(Items from a dataset)
(* Let $n\ge 2$ be an integer and $\Pi_1,\Pi_4>0$. Let $\mathbb{D}^2$ be the $n\times n$ circulant matrix with first row $(-2,1,0,\ldots,0,1)$, and let $A=\begin{bmatrix}0&I\\ \mathbb{D}^2&0\end{bmatrix}$, $B=\begin{bmatrix}0\\ I\end{bmatrix}$, $C=\begin{bmatrix}\Pi_4 I&0\end{bmatrix}$. Consider the (deterministic) Kalman filtering problem for $$\frac{d}{d\tau}\boldsymbol{\Psi}(\tau)=A\boldsymbol{\Psi}(\tau)+B\boldsymbol{\rho}(\tau),\qquad \boldsymbol{\gamma}(\tau)=C\boldsymbol{\Psi}(\tau)+\boldsymbol{\eta}(\tau),$$ with $\boldsymbol{\Psi}(\tau)\in\mathbb{R}^{2n}$, $\boldsymbol{\rho}(\tau),\boldsymbol{\eta}(\tau)\in\mathbb{R}^n$, and cost $\int_0^\infty \boldsymbol{\eta}^T\big(I-\Pi_1\mathbb{D}^2\big)\boldsymbol{\eta}+\boldsymbol{\rho}^T\boldsymbol{\rho}\,d\tau$. Then the optimal Kalman filter gain is $L=\begin{bmatrix}L_1\\ L_2\end{bmatrix}$ with circulant matrices $$L_1=F^{-1}\mathrm{diag}\Big(\sqrt{\tfrac{2}{\Pi_4}\hat{L}_0(\kappa)}\Big)F,\qquad L_2=F^{-1}\mathrm{diag}\big(\hat{L}_0(\kappa)\big)F,$$ where, for $\kappa\in\{0,\ldots,n-1\}$, $$\hat{L}_0(\kappa)=\frac{\hat{D}_{\kappa\kappa}}{\Pi_4}+\sqrt{\frac{\hat{D}_{\kappa\kappa}^2}{\Pi_4^2}-\Pi_1\hat{D}_{\kappa\kappa}+1},\qquad \hat{D}_{\kappa\kappa}=-4\sin^2\!\left(\frac{\pi\kappa}{n}\right).$$ Equivalently, $\hat{L}(\kappa)=\begin{bmatrix}\sqrt{\tfrac{2}{\Pi_4}\hat{L}_0(\kappa)}&\hat{L}_0(\kappa)\end{bmatrix}^T$.
   Context: $F$ denotes the $n\times n$ unitary discrete Fourier transform matrix, $F_{kj}=n^{-1/2}e^{-2\pi i kj/n}$, $k,j\in\{0,\ldots,n-1\}$; $\mathrm{diag}(f(\kappa))$ is the diagonal matrix with $\kappa$-th diagonal entry $f(\kappa)$. For the filtering problem with cost $\int\boldsymbol{\eta}^TW\boldsymbol{\eta}+\boldsymbol{\rho}^T\boldsymbol{\rho}$, the optimal Kalman filter gain is $L=SC^TW$, where $S$ is the symmetric positive definite (stabilizing) solution of $AS+SA^T+BB^T-SC^TWCS=0$, and the estimator is $\frac{d}{d\tau}\tilde{\boldsymbol{\Psi}}=(A-LC)\tilde{\boldsymbol{\Psi}}+L\boldsymbol{\gamma}$; here $W=I-\Pi_1\mathbb{D}^2$. Equivalently (stochastic formulation), $\boldsymbol{\rho},\boldsymbol{\eta}$ are uncorrelated zero-mean Gaussian white noises with covariances $I$ and $(I-\Pi_1\mathbb{D}^2)^{-1}$. *)

theory Defs
  imports "Jordan_Normal_Form.Char_Poly" "Jordan_Normal_Form.Gauss_Jordan_Elimination"
begin

(* periodic second-difference matrix: circulant with first row (-2,1,0,...,0,1);
   for n = 2 the two off-diagonal contributions add up *)
definition D2 :: "nat \<Rightarrow> real mat" where
  "D2 n = mat n n (\<lambda>(i,j). (if j = (i + 1) mod n then 1 else 0)
                         + (if j = (i + n - 1) mod n then 1 else 0)
                         - (if i = j then 2 else 0))"

definition sysA :: "nat \<Rightarrow> real mat" where
  "sysA n = four_block_mat (0\<^sub>m n n) (1\<^sub>m n) (D2 n) (0\<^sub>m n n)"

definition sysB :: "nat \<Rightarrow> real mat" where
  "sysB n = (0\<^sub>m n n) @\<^sub>r (1\<^sub>m n)"

definition sysC :: "nat \<Rightarrow> real \<Rightarrow> real mat" where
  "sysC n P4 = four_block_mat (P4 \<cdot>\<^sub>m 1\<^sub>m n) (0\<^sub>m n n) (0\<^sub>m 0 n) (0\<^sub>m 0 n)"

definition weightW :: "nat \<Rightarrow> real \<Rightarrow> real mat" where
  "weightW n P1 = 1\<^sub>m n - P1 \<cdot>\<^sub>m D2 n"

definition sym_pos_def_mat :: "nat \<Rightarrow> real mat \<Rightarrow> bool" where
  "sym_pos_def_mat N S \<longleftrightarrow> S \<in> carrier_mat N N \<and> transpose_mat S = S \<and>
     (\<forall>x \<in> carrier_vec N. x \<noteq> 0\<^sub>v N \<longrightarrow> x \<bullet> (S *\<^sub>v x) > 0)"

definition hurwitz :: "real mat \<Rightarrow> bool" where
  "hurwitz M \<longleftrightarrow> (\<forall>k. eigenvalue (map_mat complex_of_real M) k \<longrightarrow> Re k < 0)"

**WORK TO BE COMPLETED**
Set down exactly what runs from the line with "P4 = four_block_mat" to the last line of the data above, including both of those lines and no others.

**RESPONSE BELOW**
  "sysC n P4 = four_block_mat (P4 \<cdot>\<^sub>m 1\<^sub>m n) (0\<^sub>m n n) (0\<^sub>m 0 n) (0\<^sub>m 0 n)"

definition weightW :: "nat \<Rightarrow> real \<Rightarrow> real mat" where
  "weightW n P1 = 1\<^sub>m n - P1 \<cdot>\<^sub>m D2 n"

definition sym_pos_def_mat :: "nat \<Rightarrow> real mat \<Rightarrow> bool" where
  "sym_pos_def_mat N S \<longleftrightarrow> S \<in> carrier_mat N N \<and> transpose_mat S = S \<and>
     (\<forall>x \<in> carrier_vec N. x \<noteq> 0\<^sub>v N \<longrightarrow> x \<bullet> (S *\<^sub>v x) > 0)"

definition hurwitz :: "real mat \<Rightarrow> bool" where
  "hurwitz M \<longleftrightarrow> (\<forall>k. eigenvalue (map_mat complex_of_real M) k \<longrightarrow> Re k < 0)"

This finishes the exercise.